And so we have this with almost all the technologies, right? We, when we produce you know, concrete roads and things like that. I mean, there's a bunch of stuff that goes into that, but it also makes us more efficient and the like, and in some of the modeling that my lab has done and others have done, right, the upside of using AI in the economy and even more so in research and development to make new discoveries can have a huge benefit to the economy, right?
And so the question is like, okay, if we can get that benefit, right, it may come with some cost, but then we need to think carefully about, okay, well, what are we going to do to mitigate the fact that these costs exist, and how can we deal with the things that they come in?
Hope King: All of these things are racing at the same time, right?
So you've got the race to build these models, to use it to get the solutions, but then you've got to build the thing at the same time, and then you've got to find the chips. And, I mean, like, obviously it's not my job. My job is to ask the questions. I don't understand how we can measure like what, what of these branches of this infrastructure is actually moving faster and it doesn't, does one need to move faster than the other in order for everything to kind of follow along?

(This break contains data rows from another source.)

subsection \<open>Upper bound: the walk stopped on leaving the strip\<close>

text \<open>Optional stopping: the stopped walk is centred and at most \<open>y + Mb\<close>, so it can be at or below
  \<open>-L\<close> only with probability at most \<open>(y + Mb) / L\<close>.\<close>
lemma low_exit_prob_bound:
  assumes L: "L > 0" and y: "y \<ge> 0"
  shows "L * expectation (\<lambda>\<omega>. if stopped_walk L y N \<omega> \<le> -L then 1 else 0 :: real) \<le> y + Mb"
proof -
  have iT: "integrable M (stopped_walk L y N)"
    by (rule bounded_rv_integrable[OF bounded_rv_stopped_walk])
  have id: "integrable M (\<lambda>\<omega>. if stopped_walk L y N \<omega> \<le> -L then 1 else 0 :: real)"
    by (intro bounded_rv_integrable bounded_rv_indicator_le bounded_rv_stopped_walk)
  have "L * expectation (\<lambda>\<omega>. if stopped_walk L y N \<omega> \<le> -L then 1 else 0 :: real)
      = expectation (\<lambda>\<omega>. L * (if stopped_walk L y N \<omega> \<le> -L then 1 else 0 :: real))" by simp
  also have "\<dots> \<le> expectation (\<lambda>\<omega>. (y + Mb) - stopped_walk L y N \<omega>)"
  proof (rule integral_mono_AE)
    show "AE \<omega> in M. L * (if stopped_walk L y N \<omega> \<le> -L then 1 else 0 :: real) \<le> (y + Mb) - stopped_walk L y N \<omega>"
      using stopped_walk_range_AE[OF L y] by eventually_elim (use y Mb_nonneg in auto)
  qed (use iT id in auto)
  also have "\<dots> = y + Mb"
    using iT transform_mean[OF predictable_stop_weight]
    by (simp add: stopped_walk_def Bochner_Integration.integral_diff prob_space)
  finally show ?thesis .
qed
lemma pseudo_orbit_subsequence:
  assumes "pseudo_orbit G \<delta> A"
    and "\<And>n. hdist (mm_image (mm_iter G k) (A n)) (A (n + k)) \<le> \<delta>'"
  shows "pseudo_orbit (mm_iter G k) \<delta>' (\<lambda>n. A (k * n))"
proof -
  have "hdist (mm_image (mm_iter G k) (A (k * n))) (A (k * Suc n)) \<le> \<delta>'" for n
    using assms(2)[of "k * n"] by (simp add: add.commute)
  then show ?thesis using assms(1) unfolding pseudo_orbit_def by auto
qed

subsection \<open>Multiple mappings on a compact space\<close>

locale compact_multiple_map =
  fixes G :: "('a::metric_space \<Rightarrow> 'a) set"
  assumes compact_space: "compact (UNIV :: 'a set)"
    and finite_maps: "finite G" and maps_nonempty: "G \<noteq> {}"
    and continuous_maps: "\<And>g. g \<in> G \<Longrightarrow> continuous_on UNIV g"
begin

lemma bounded [simp]: "bounded (S :: 'a set)"
  using compact_imp_bounded[OF compact_space] bounded_subset by blast

lemma mm_image_nonempty: "A \<noteq> {} \<Longrightarrow> mm_image G A \<noteq> {}"
  using maps_nonempty by (simp add: mm_image_empty_iff)

lemma compact_mm_image:
  assumes "compact A"
  shows "compact (mm_image G A)"
proof -
  have "mm_image G A = (\<Union>g\<in>G. g ` A)" unfolding mm_image_def by blast
  moreover have "compact (g ` A)" if "g \<in> G" for g
    using continuous_on_subset[OF continuous_maps[OF that]] assms
    by (intro compact_continuous_image) auto
  ultimately show ?thesis using finite_maps by auto
qed

lemma compact_multiple_map_mm_iter: "compact_multiple_map (mm_iter G n)"
proof
  show "finite (mm_iter G n)" by (rule finite_mm_iter[OF finite_maps])
  show "mm_iter G n \<noteq> {}" using maps_nonempty by (simp add: mm_iter_empty_iff)
  show "continuous_on UNIV h" if "h \<in> mm_iter G n" for h
    by (rule mm_iter_closed[OF _ _ that])
      (auto simp: o_def intro: continuous_on_compose2[OF continuous_maps])
qed (rule compact_space)
(* Consider the facility location problem on a random shortest path metric on $n$ vertices in which all opening costs are equal, $f_1=\dots=f_n=f>0$ (with $f$ possibly depending on $n$). Define $\kappa:=\max\{i\in[n]: f_i<1/(i-1)\}=\min\{\lceil 1/f\rceil,n\}$ and assume $\kappa\in\Theta(n)$. Let $\mathsf{ALG}$ denote the total cost of the solution which opens, independently of the metric, $\kappa$ arbitrarily chosen facilities (e.g. facilities $1,\ldots,\kappa$), and let $\mathsf{OPT}$ be the optimal cost. Then $$\mathbb{E}\left[\frac{\mathsf{ALG}}{\mathsf{OPT}}\right]=O(1)+O\left(\sqrt[4]{\ln(n)\,n^3f^3}\right),$$ which for $f\in O\big(1/(n\sqrt[3]{\ln(n)})\big)$ is $O(1)$. Moreover, if $f\in o(1/n^3)$, then $\mathbb{E}[\mathsf{ALG}/\mathsf{OPT}]=1+o(1)$.
   Context: Random shortest path metric: let $G=(V,E)$ be the complete undirected graph on $n$ vertices; each edge $e$ independently receives a weight $w(e)\sim\mathrm{Exp}(1)$ (exponential distribution with rate $1$), and $d(u,v)$ is the minimum total weight of a $u$-$v$ path in $G$. Facility location: each vertex has opening cost $f$; for nonempty $U\subseteq V$, $c(U)=|U|f+\sum_{v\in V}\min_{u\in U}d(u,v)$, and $\mathsf{OPT}=\min_{\emptyset\ne U\subseteq V}c(U)$. In the definition of $\kappa$, $1/(i-1)$ for $i=1$ is interpreted as $+\infty$. Asymptotic notation refers to $n\to\infty$. *)

theory Defs
  imports "HOL-Probability.Probability" "HOL-Library.Landau_Symbols"
begin

definition edges :: "nat \<Rightarrow> nat set set" where
  "edges n = {{u, v} | u v. u < n \<and> v < n \<and> u \<noteq> v}"

definition rsp_space :: "nat \<Rightarrow> (nat set \<Rightarrow> real) measure" where
  "rsp_space n = PiM (edges n) (\<lambda>_. density lborel (exponential_density 1))"

definition paths :: "nat \<Rightarrow> nat \<Rightarrow> nat \<Rightarrow> nat list set" where
  "paths n u v = {p. p \<noteq> [] \<and> distinct p \<and> hd p = u \<and> last p = v \<and> set p \<subseteq> {..<n}}"

definition path_weight :: "(nat set \<Rightarrow> real) \<Rightarrow> nat list \<Rightarrow> real" where
  "path_weight w p = sum_list (map (\<lambda>(a, b). w {a, b}) (zip p (tl p)))"

definition spd :: "nat \<Rightarrow> (nat set \<Rightarrow> real) \<Rightarrow> nat \<Rightarrow> nat \<Rightarrow> real" where
  "spd n w u v = Min (path_weight w ` paths n u v)"

definition fl_cost :: "nat \<Rightarrow> real \<Rightarrow> (nat set \<Rightarrow> real) \<Rightarrow> nat set \<Rightarrow> real" where
  "fl_cost n f w U = real (card U) * f + (\<Sum>v<n. Min ((\<lambda>u. spd n w u v) ` U))"

definition fl_opt :: "nat \<Rightarrow> real \<Rightarrow> (nat set \<Rightarrow> real) \<Rightarrow> real" where
  "fl_opt n f w = Min (fl_cost n f w ` {U. U \<subseteq> {..<n} \<and> U \<noteq> {}})"

definition kappa :: "real \<Rightarrow> nat \<Rightarrow> nat" where
  "kappa f n = min (nat \<lceil>1 / f\<rceil>) n"

definition fl_alg :: "nat \<Rightarrow> real \<Rightarrow> (nat set \<Rightarrow> real) \<Rightarrow> real" where
  "fl_alg n f w = fl_cost n f w {..<kappa f n}"

definition ratio :: "nat \<Rightarrow> real \<Rightarrow> (nat set \<Rightarrow> real) \<Rightarrow> real" where
  "ratio n f w = fl_alg n f w / fl_opt n f w"

end

theory Submission
  imports Defs
begin

text \<open>
  Call an edge light if its weight is below a threshold \<open>t \<le> f\<close>, and a vertex far if all its
  edges are heavy. A far vertex costs at least \<open>t\<close> in every solution, as a facility or as a
  client, and at most two vertices per light edge fail to be far; so as long as there are at most
  \<open>n/4\<close> light edges, \<open>OPT \<ge> t n / 2\<close>. On the other hand \<open>ALG \<le> \<kappa> f + \<Sum>\<^sub>v min\<^sub>u w(u,v)\<close>, each
  minimum being of \<open>\<kappa>\<close> independent Exp(1) weights and hence of mean \<open>1/\<kappa>\<close>. The rare event of more
  than \<open>n/4\<close> light edges, on which we only use \<open>OPT \<ge> f\<close>, is controlled by the exponential moment
  \<open>E[exp L] \<le> exp (2 t |E|)\<close> of the number \<open>L\<close> of light edges. Since \<open>\<kappa> \<ge> c n\<close> forces
  \<open>f n < 2/c\<close>, the choice \<open>t = c f / 32\<close> makes this moment \<open>exp (n/8)\<close>, and \<open>E[ALG/OPT]\<close> is
  bounded by a constant, which implies the stated \<open>O\<close>-bounds. If \<open>f = o(n\<^sup>-\<^sup>3)\<close>, then \<open>\<kappa> = n\<close> and
  \<open>ALG/OPT \<le> 1 + n L\<close> with \<open>L\<close> the number of edges lighter than \<open>f\<close>, whose mean is at most \<open>n\<^sup>2 f\<close>.
\<close>

abbreviation Exp1 :: "real measure" where
  "Exp1 \<equiv> density lborel (\<lambda>x. ennreal (exponential_density 1 x))"

lemma prob_space_Exp1: "prob_space Exp1"
  by (rule prob_space_exponential_density) simp

lemma finite_edges: "finite (edges n)"
  by (rule finite_subset[of _ "Pow {..<n}"]) (auto simp: edges_def)

lemma doubleton_in_edges: "a \<noteq> b \<Longrightarrow> a < n \<Longrightarrow> b < n \<Longrightarrow> {a, b} \<in> edges n"
  unfolding edges_def by auto

lemma card_edges_le: "card (edges n) \<le> n ^ 2"
proof -
  have "edges n \<subseteq> (\<lambda>(u, v). {u, v}) ` ({..<n} \<times> {..<n})"
    unfolding edges_def by auto
  then have "card (edges n) \<le> card ({..<n} \<times> {..<n})"
    by (meson card_image_le card_mono finite_SigmaI finite_imageI finite_lessThan order_trans)
  then show ?thesis
    by (simp add: power2_eq_square)
qed

subsection \<open>The random edge weights\<close>

lemma prob_space_rsp_space: "prob_space (rsp_space n)"
  unfolding rsp_space_def by (intro prob_space_PiM prob_space_Exp1)

lemma measurable_weight [measurable]: "(\<lambda>w. w e) \<in> borel_measurable (rsp_space n)"
proof (cases "e \<in> edges n")
  case True
  have "(\<lambda>w. w e) \<in> measurable (rsp_space n) Exp1"
    unfolding rsp_space_def using True by (rule measurable_component_singleton)
  then show ?thesis
    by (simp cong: measurable_cong_sets)
next
  case False
  then have "\<And>w. w \<in> space (rsp_space n) \<Longrightarrow> w e = undefined"
    by (auto simp: rsp_space_def space_PiM PiE_def extensional_def)
  then show ?thesis
    by (subst measurable_cong[where g="\<lambda>_. undefined"]) auto
qed

lemma AE_weights_nonneg: "AE w in rsp_space n. \<forall>e\<in>edges n. 0 \<le> w e"
proof (rule AE_finite_allI[OF finite_edges])
  fix e assume "e \<in> edges n"
  moreover have "AE x in Exp1. 0 \<le> x"
    by (subst AE_density) (auto simp: exponential_density_def)
  ultimately show "AE w in rsp_space n. 0 \<le> w e"
    unfolding rsp_space_def by (intro AE_PiM_component prob_space_Exp1)
qed

lemma distr_weight:
  assumes "e \<in> edges n"
  shows "distr (rsp_space n) borel (\<lambda>w. w e) = Exp1"
proof -
  have "distr (rsp_space n) borel (\<lambda>w. w e) = distr (rsp_space n) Exp1 (\<lambda>w. w e)"
    by (rule distr_cong) auto
  also have "\<dots> = Exp1"
    unfolding rsp_space_def by (rule distr_PiM_component[OF prob_space_Exp1 assms])
  finally show ?thesis .
qed

lemma distributed_weight:
  "e \<in> edges n \<Longrightarrow> distributed (rsp_space n) lborel (\<lambda>w. w e) (exponential_density 1)"
  using distr_weight[of e n] by (simp add: distributed_def cong: distr_cong)

lemma indep_weights: "prob_space.indep_vars (rsp_space n) (\<lambda>_. borel) (\<lambda>e w. w e) (edges n)"
proof (cases "edges n = {}")
  case True
  then show ?thesis
    by (simp add: prob_space_rsp_space prob_space.indep_vars_def prob_space.indep_sets_def)
next
  case False
  have "distr (rsp_space n) (\<Pi>\<^sub>M e\<in>edges n. borel) (\<lambda>w. \<lambda>e\<in>edges n. w e)
      = distr (rsp_space n) (\<Pi>\<^sub>M e\<in>edges n. borel) (\<lambda>w. w)"
    by (rule distr_cong) (auto simp: rsp_space_def space_PiM)
  also have "\<dots> = rsp_space n"
    by (rule distr_id2) (unfold rsp_space_def, rule sets_PiM_cong, auto)
  also have "\<dots> = (\<Pi>\<^sub>M e\<in>edges n. distr (rsp_space n) borel (\<lambda>w. w e))"
    unfolding rsp_space_def by (rule PiM_cong[OF refl]) (simp add: distr_weight[unfolded rsp_space_def])
  finally show ?thesis
    using prob_space.indep_vars_iff_distr_eq_PiM[OF prob_space_rsp_space False,
        where X="\<lambda>e w. w e" and M'="\<lambda>_. borel"]
    by simp
qed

I don't know if anybody in here
Prasad Kalyanaraman: Yeah. Look, there's sometimes a misconception that these things started over the last 18 months. That's just not true. Of course. Right. Yeah. Data centers have been there for a long period of time. Okay. Trying to actually use, like, right now if I talk about cloud computing, you know, many of us are very familiar with that, like, ten years back or a decade back, we were very early on that.
So, it's not something that is a change that has to happen overnight, right? It's something that has evolved over a long period of time. And so, the investments that we've been doing over 15 years now, are actually helping us do the next set of improvements that we have. So, you know, we say this internally, there's no compression algorithm for experience.
And so, you have to have that experience and you have to actually have spent time going all the way down to the chip level, to the hardware level, to the cooling level, to the network level, and then you start actually adding up all of these things, then you start getting real large benefits.
Hope King: So, on that point though, is it about building new or retrofitting old when it comes to... because I've seen reports that suggest that building new is more efficient in another way because, you know, rack space or whatever.
So just really quickly on that, I know Neil wants to jump in.
Prasad Kalyanaraman: It's a combination. It's never a one size fits all. Generally
Hope King: speaking, as you look at the development data.
Prasad Kalyanaraman: I would say that there's obviously a lot of new capacity that's being brought online. But it's also about like efficiencies in existing capacity.
Because when we design our data centers, we design our data centers for like 20 plus years. But then, hardware typically actually lands, is useful about like six to seven years or so. After that you have to refresh. Right. So you have an opportunity to go and refresh older data centers. Yeah,
Hope King: it's not an over there update.
Yeah. You know, what were you going to say?
Neil Thompson: So you asked specifically about the race. I think that to me is one of the most interesting questions and something we spend a lot of time on. And it certainly is the case there's been an enormous escalation. So since 2017, if you look at large language models have been something like a 10x increase in the amount of compute being used to train them each year, right?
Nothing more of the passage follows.